Quirkiness is at an all time premium in today’s music scene. Bands continue to experiment with stranger and stranger approaches to their music as everyone strives for a new and unusual sound, leading to some truly bizarre moves such as Elliott Brood’s choice of setting for the recording of their new album, Ambassador.

“We recorded our new album in a converted abattoir,” drummer Steve Pitkin says, trying to draw a mental picture of what it might be like in a slaughterhouse. “You walk down all these dark corridors and the floors are slanted for the blood to drain better. Then you get to the end of this hallway and there’s a recording studio in the back. It was pretty cool, but, you know, musty.”

Mustiness aside, the surroundings certainly gave Ambassador, a spooky aura. The album is 12 tracks of self-described death-country, a genre name Pitkin didn’t invent, although he wishes he had.

“We came up with that kind of off the cuff thinking it was original,” he explains. “Well, it wasn’t, but we still felt it was the best way to describe our music. It’s not country, it’s not alt-rock. It’s a shame we need to have a genre but it’s a necessary evil. People need to know what to expect.”

What you should expect are banjo-driven songs sounding like they live under a layer of muck and whiskey, with lead singer Mark Sasso’s vocals scratching along to the rhythm provided by Pitkin and bandmate Casey Laforet.
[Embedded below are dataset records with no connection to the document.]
(* Let $(E,\mu)$ and $(F,\nu)$ be fuzzy Riesz spaces and $T:E\rightarrow F$ a fuzzy Riesz homomorphism. (1) If $B$ is a fuzzy ideal in $T(E)$, then $T^{-1}(B)$ is a fuzzy ideal in $E$. (2) If $B_1$ is a fuzzy ideal in $F$, then $T^{-1}(B_1)$ is a fuzzy ideal in $E$.
   Context: A fuzzy order on a real vector space $E$ is a map $\mu:E\times E\to[0,1]$ with $\mu(x,x)=1$; $\mu(x,y)+\mu(y,x)>1$ implies $x=y$; and $\mu(x,z)\ge\sup_{y}\min(\mu(x,y),\mu(y,z))$. Write $x\le y$ for $\mu(x,y)>\frac12$; suprema/infima are taken with respect to this relation. $(E,\mu)$ is a fuzzy ordered linear space if $\mu(x_1,x_2)>\frac12$ implies $\mu(x_1,x_2)\le\mu(x_1+x,x_2+x)$ for all $x$ and $\mu(x_1,x_2)\le\mu(\alpha x_1,\alpha x_2)$ for all $\alpha>0$; it is a fuzzy Riesz space if $x\vee y=\sup\{x,y\}$ and $x\wedge y=\inf\{x,y\}$ exist for all $x,y$. $|x|=x\vee(-x)$. A fuzzy Riesz homomorphism is a linear map with $T(x\vee y)=Tx\vee Ty$; $T(E)$ is a fuzzy Riesz subspace of $F$ with the restricted fuzzy order. A subset $A$ is fuzzy solid if $\mu(|x|,|y|)>\frac12$ and $y\in A$ imply $x\in A$; a fuzzy ideal is a fuzzy solid vector subspace. $T^{-1}(B)=\{x\in E: Tx\in B\}$. *)

theory Defs
  imports "HOL-Analysis.Analysis"
begin

text \<open>Fuzzy orders, relativised to a carrier set S (S = UNIV for the whole space,
  S = range T for the fuzzy Riesz subspace T(E) with the restricted fuzzy order).\<close>

definition fle :: "('a \<Rightarrow> 'a \<Rightarrow> real) \<Rightarrow> 'a \<Rightarrow> 'a \<Rightarrow> bool" where
  "fle \<mu> x y \<longleftrightarrow> \<mu> x y > 1/2"

definition fuzzy_order_on :: "'a set \<Rightarrow> ('a \<Rightarrow> 'a \<Rightarrow> real) \<Rightarrow> bool" where
  "fuzzy_order_on S \<mu> \<longleftrightarrow>
     (\<forall>x\<in>S. \<forall>y\<in>S. 0 \<le> \<mu> x y \<and> \<mu> x y \<le> 1) \<and>
     (\<forall>x\<in>S. \<mu> x x = 1) \<and>
     (\<forall>x\<in>S. \<forall>y\<in>S. \<mu> x y + \<mu> y x > 1 \<longrightarrow> x = y) \<and>
     (\<forall>x\<in>S. \<forall>z\<in>S. \<mu> x z \<ge> (SUP y\<in>S. min (\<mu> x y) (\<mu> y z)))"

definition is_fub :: "'a set \<Rightarrow> ('a \<Rightarrow> 'a \<Rightarrow> real) \<Rightarrow> 'a set \<Rightarrow> 'a \<Rightarrow> bool" where
  "is_fub S \<mu> A u \<longleftrightarrow> u \<in> S \<and> (\<forall>a\<in>A. fle \<mu> a u)"

definition is_flb :: "'a set \<Rightarrow> ('a \<Rightarrow> 'a \<Rightarrow> real) \<Rightarrow> 'a set \<Rightarrow> 'a \<Rightarrow> bool" where
  "is_flb S \<mu> A u \<longleftrightarrow> u \<in> S \<and> (\<forall>a\<in>A. fle \<mu> u a)"

definition is_fsup :: "'a set \<Rightarrow> ('a \<Rightarrow> 'a \<Rightarrow> real) \<Rightarrow> 'a set \<Rightarrow> 'a \<Rightarrow> bool" where
  "is_fsup S \<mu> A s \<longleftrightarrow> is_fub S \<mu> A s \<and> (\<forall>u. is_fub S \<mu> A u \<longrightarrow> fle \<mu> s u)"

definition is_finf :: "'a set \<Rightarrow> ('a \<Rightarrow> 'a \<Rightarrow> real) \<Rightarrow> 'a set \<Rightarrow> 'a \<Rightarrow> bool" where
  "is_finf S \<mu> A s \<longleftrightarrow> is_flb S \<mu> A s \<and> (\<forall>u. is_flb S \<mu> A u \<longrightarrow> fle \<mu> u s)"

definition fsup :: "'a set \<Rightarrow> ('a \<Rightarrow> 'a \<Rightarrow> real) \<Rightarrow> 'a \<Rightarrow> 'a \<Rightarrow> 'a" where
  "fsup S \<mu> x y = (THE s. is_fsup S \<mu> {x, y} s)"

definition fabs :: "'a set \<Rightarrow> ('a \<Rightarrow> 'a \<Rightarrow> real) \<Rightarrow> 'a::real_vector \<Rightarrow> 'a" where
  "fabs S \<mu> x = fsup S \<mu> x (- x)"

definition fuzzy_ordered_linear_space :: "'a::real_vector set \<Rightarrow> ('a \<Rightarrow> 'a \<Rightarrow> real) \<Rightarrow> bool" where
  "fuzzy_ordered_linear_space S \<mu> \<longleftrightarrow> subspace S \<and> fuzzy_order_on S \<mu> \<and>
     (\<forall>x1\<in>S. \<forall>x2\<in>S. \<mu> x1 x2 > 1/2 \<longrightarrow>
        (\<forall>x\<in>S. \<mu> x1 x2 \<le> \<mu> (x1 + x) (x2 + x)) \<and>
        (\<forall>\<alpha>::real. \<alpha> > 0 \<longrightarrow> \<mu> x1 x2 \<le> \<mu> (\<alpha> *\<^sub>R x1) (\<alpha> *\<^sub>R x2)))"

definition fuzzy_riesz_space :: "'a::real_vector set \<Rightarrow> ('a \<Rightarrow> 'a \<Rightarrow> real) \<Rightarrow> bool" where
  "fuzzy_riesz_space S \<mu> \<longleftrightarrow> fuzzy_ordered_linear_space S \<mu> \<and>
     (\<forall>x\<in>S. \<forall>y\<in>S. (\<exists>s. is_fsup S \<mu> {x, y} s) \<and> (\<exists>i. is_finf S \<mu> {x, y} i))"

definition fuzzy_riesz_hom ::
  "('a::real_vector \<Rightarrow> 'a \<Rightarrow> real) \<Rightarrow> ('b::real_vector \<Rightarrow> 'b \<Rightarrow> real) \<Rightarrow> ('a \<Rightarrow> 'b) \<Rightarrow> bool" where
  "fuzzy_riesz_hom \<mu> \<nu> T \<longleftrightarrow> linear T \<and>
     (\<forall>x y. T (fsup UNIV \<mu> x y) = fsup UNIV \<nu> (T x) (T y))"

definition fuzzy_solid :: "'a::real_vector set \<Rightarrow> ('a \<Rightarrow> 'a \<Rightarrow> real) \<Rightarrow> 'a set \<Rightarrow> bool" where
  "fuzzy_solid S \<mu> A \<longleftrightarrow> A \<subseteq> S \<and>
     (\<forall>x\<in>S. \<forall>y\<in>A. \<mu> (fabs S \<mu> x) (fabs S \<mu> y) > 1/2 \<longrightarrow> x \<in> A)"

definition fuzzy_ideal :: "'a::real_vector set \<Rightarrow> ('a \<Rightarrow> 'a \<Rightarrow> real) \<Rightarrow> 'a set \<Rightarrow> bool" where
  "fuzzy_ideal S \<mu> A \<longleftrightarrow> subspace A \<and> fuzzy_solid S \<mu> A"

end

theory Submission
  imports Defs
begin

text \<open>Since T is linear and preserves binary suprema, it maps the supremum
  \<open>|x| = x \<or> -x\<close> to the supremum of Tx and -Tx, which is \<open>|Tx|\<close> both in F and in T(E).
  It is also monotone, because \<open>x \<le> y\<close> exactly when \<open>x \<or> y = y\<close>. Hence \<open>|x| \<le> |y|\<close>
  implies \<open>|Tx| \<le> |Ty|\<close>, so solidity of B passes to its preimage, and preimages of
  subspaces under linear maps are subspaces.\<close>

lemma fuzzy_order_on_refl: "fuzzy_order_on S \<mu> \<Longrightarrow> x \<in> S \<Longrightarrow> \<mu> x x = 1"
  unfolding fuzzy_order_on_def by simp

lemma fuzzy_order_on_antisym:
  "fuzzy_order_on S \<mu> \<Longrightarrow> x \<in> S \<Longrightarrow> y \<in> S \<Longrightarrow> fle \<mu> x y \<Longrightarrow> fle \<mu> y x \<Longrightarrow> x = y"
  unfolding fuzzy_order_on_def fle_def by (metis field_sum_of_halves add_strict_mono)

lemma is_fsup_unique:
  assumes "fuzzy_order_on U \<mu>" "S \<subseteq> U" "is_fsup S \<mu> A s" "is_fsup S \<mu> A s'"
  shows "s = s'"
proof (rule fuzzy_order_on_antisym[OF assms(1)])
  show "s \<in> U" "s' \<in> U" "fle \<mu> s s'" "fle \<mu> s' s"
    using assms(2-4) unfolding is_fsup_def is_fub_def by auto
qed

lemma fsup_eqI:
  assumes "fuzzy_order_on U \<mu>" "S \<subseteq> U" "is_fsup S \<mu> {x, y} s"
  shows "fsup S \<mu> x y = s"
  unfolding fsup_def using assms by (blast intro: the_equality is_fsup_unique)

lemma is_fsup_fle:
  assumes "fuzzy_order_on S \<mu>" "b \<in> S" "fle \<mu> a b"
  shows "is_fsup S \<mu> {a, b} b"
  using assms fuzzy_order_on_refl[OF assms(1,2)] unfolding is_fsup_def is_fub_def fle_def by simp

lemma is_fsup_subset:
  "is_fsup S \<mu> A s \<Longrightarrow> S' \<subseteq> S \<Longrightarrow> s \<in> S' \<Longrightarrow> is_fsup S' \<mu> A s"
  unfolding is_fsup_def is_fub_def by blast

lemma fuzzy_riesz_space_order: "fuzzy_riesz_space S \<mu> \<Longrightarrow> fuzzy_order_on S \<mu>"
  unfolding fuzzy_riesz_space_def fuzzy_ordered_linear_space_def by blast

lemma fuzzy_riesz_hom_linear: "fuzzy_riesz_hom \<mu> \<nu> T \<Longrightarrow> linear T"
  unfolding fuzzy_riesz_hom_def by blast

lemma fuzzy_riesz_hom_is_fsup:
  assumes "fuzzy_riesz_space UNIV \<nu>" "fuzzy_riesz_hom \<mu> \<nu> T"
  shows "is_fsup UNIV \<nu> {T x, T y} (T (fsup UNIV \<mu> x y))"
proof -
  obtain s where s: "is_fsup UNIV \<nu> {T x, T y} s"
    using assms(1) unfolding fuzzy_riesz_space_def by blast
  have "T (fsup UNIV \<mu> x y) = fsup UNIV \<nu> (T x) (T y)"
    using assms(2) unfolding fuzzy_riesz_hom_def by blast
  also have "\<dots> = s"
    using fsup_eqI[OF fuzzy_riesz_space_order[OF assms(1)] subset_UNIV s] .
  finally show ?thesis using s by simp
qed

lemma fuzzy_riesz_hom_fle:
  assumes "fuzzy_order_on UNIV \<mu>" "fuzzy_riesz_space UNIV \<nu>" "fuzzy_riesz_hom \<mu> \<nu> T"
    and "fle \<mu> a b"
  shows "fle \<nu> (T a) (T b)"
proof -
  have "fsup UNIV \<mu> a b = b"
    using fsup_eqI[OF assms(1) subset_UNIV is_fsup_fle[OF assms(1) UNIV_I assms(4)]] .
  then have "is_fsup UNIV \<nu> {T a, T b} (T b)"
    using fuzzy_riesz_hom_is_fsup[OF assms(2,3), of a b] by simp
  then show ?thesis unfolding is_fsup_def is_fub_def by simp
qed

lemma fuzzy_riesz_hom_fabs:
  assumes "fuzzy_riesz_space UNIV \<nu>" "fuzzy_riesz_hom \<mu> \<nu> T" "range T \<subseteq> S"
  shows "fabs S \<nu> (T x) = T (fabs UNIV \<mu> x)"
proof -
  have "T (- x) = - T x"
    using linear_neg[OF fuzzy_riesz_hom_linear[OF assms(2)]] .
  then have "is_fsup UNIV \<nu> {T x, - T x} (T (fabs UNIV \<mu> x))"
    using fuzzy_riesz_hom_is_fsup[OF assms(1,2), of x "- x"] unfolding fabs_def by simp
  then have "is_fsup S \<nu> {T x, - T x} (T (fabs UNIV \<mu> x))"
    using assms(3) by (blast intro: is_fsup_subset)
  then show ?thesis
    unfolding fabs_def by (rule fsup_eqI[OF fuzzy_riesz_space_order[OF assms(1)] subset_UNIV])
qed

lemma fuzzy_ideal_vimage:
  assumes "linear T" "range T \<subseteq> S"
    and mono: "\<And>a b. fle \<mu> a b \<Longrightarrow> fle \<nu> (T a) (T b)"
    and fabs_commute: "\<And>x. fabs S \<nu> (T x) = T (fabs UNIV \<mu> x)"
    and "fuzzy_ideal S \<nu> B"
  shows "fuzzy_ideal UNIV \<mu> (T -` B)"
  unfolding fuzzy_ideal_def fuzzy_solid_def
proof (intro conjI ballI impI)
  show "subspace (T -` B)"
    using assms(5) linear_subspace_vimage[OF assms(1)] unfolding fuzzy_ideal_def by blast
next
  fix x y assume "y \<in> T -` B" "\<mu> (fabs UNIV \<mu> x) (fabs UNIV \<mu> y) > 1/2"
  then have "\<nu> (fabs S \<nu> (T x)) (fabs S \<nu> (T y)) > 1/2"
    using mono fabs_commute unfolding fle_def by simp
  then show "x \<in> T -` B"
    using assms(2,5) \<open>y \<in> T -` B\<close> unfolding fuzzy_ideal_def fuzzy_solid_def by blast
qed simp

lemma fuzzy_riesz_hom_vimage_fuzzy_ideal:
  assumes "fuzzy_riesz_space UNIV \<mu>" "fuzzy_riesz_space UNIV \<nu>" "fuzzy_riesz_hom \<mu> \<nu> T"
    and "range T \<subseteq> S" "fuzzy_ideal S \<nu> B"
  shows "fuzzy_ideal UNIV \<mu> (T -` B)"
  using fuzzy_ideal_vimage[OF fuzzy_riesz_hom_linear[OF assms(3)] assms(4)]
    fuzzy_riesz_hom_fle[OF fuzzy_riesz_space_order[OF assms(1)] assms(2,3)]
    fuzzy_riesz_hom_fabs[OF assms(2,3,4)] assms(5)
  by blast

theorem theorem2p5:
  fixes \<mu> :: "'a::real_vector \<Rightarrow> 'a \<Rightarrow> real" and \<nu> :: "'b::real_vector \<Rightarrow> 'b \<Rightarrow> real"
    and T :: "'a \<Rightarrow> 'b"
  assumes "fuzzy_riesz_space UNIV \<mu>" and "fuzzy_riesz_space UNIV \<nu>"
    and "fuzzy_riesz_hom \<mu> \<nu> T"
  shows "(\<forall>B. fuzzy_ideal (range T) \<nu> B \<longrightarrow> fuzzy_ideal UNIV \<mu> (T -` B)) \<and>
         (\<forall>B1. fuzzy_ideal UNIV \<nu> B1 \<longrightarrow> fuzzy_ideal UNIV \<mu> (T -` B1))"
  using fuzzy_riesz_hom_vimage_fuzzy_ideal[OF assms] by blast

end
Music isn’t all there is to Elliott Brood, their one of a kind approach to the accompanying artwork of their CDs is sure to draw some much deserved attention.

“Presentation is a big part of it,” Pitkin says. “We do a lot of our own assemblage, in terms of the art that comes with the record. On the new one, there’s a unique identifier in each package, with a number. We weren’t even thinking, we should’ve saved the first 100. I think I have number 64.”

Ambassador also comes with a replica of an old train ticket, marked for one-way travel of course, and a blueprint design for the Ambassa- dor bridge connecting Windsor to Detroit. The boys in Elliott Brood clearly deem it necessary to put this level of commitment into the presentation of their band as yet another way to stand-out in a crowded industry.

“People are just inundated with Canadian Idol stuff, you know?” Pitkin asks rhetorically. “It’s music by committee, not by artists. We’re trying to do something a little different with our music and the packaging, because this is the kind of thing we like and we think other people like it too.”

This is an optimistic outlook and Pitkin is aware of its downfalls.

“Any time a fresh kind of music gets noticed there are going to be a million people that jump on the bandwagon and try to fabricate it,” he warns. “You’re already seeing that with our kind of country.”

Pitkin isn’t trying to make his band out to be a group of musical visionaries. He simply believes a certain level of originality in popular music–such as what we are blessed to have right now–is a hard thing to maintain. Thus, the battle for quirkiness starts all over again.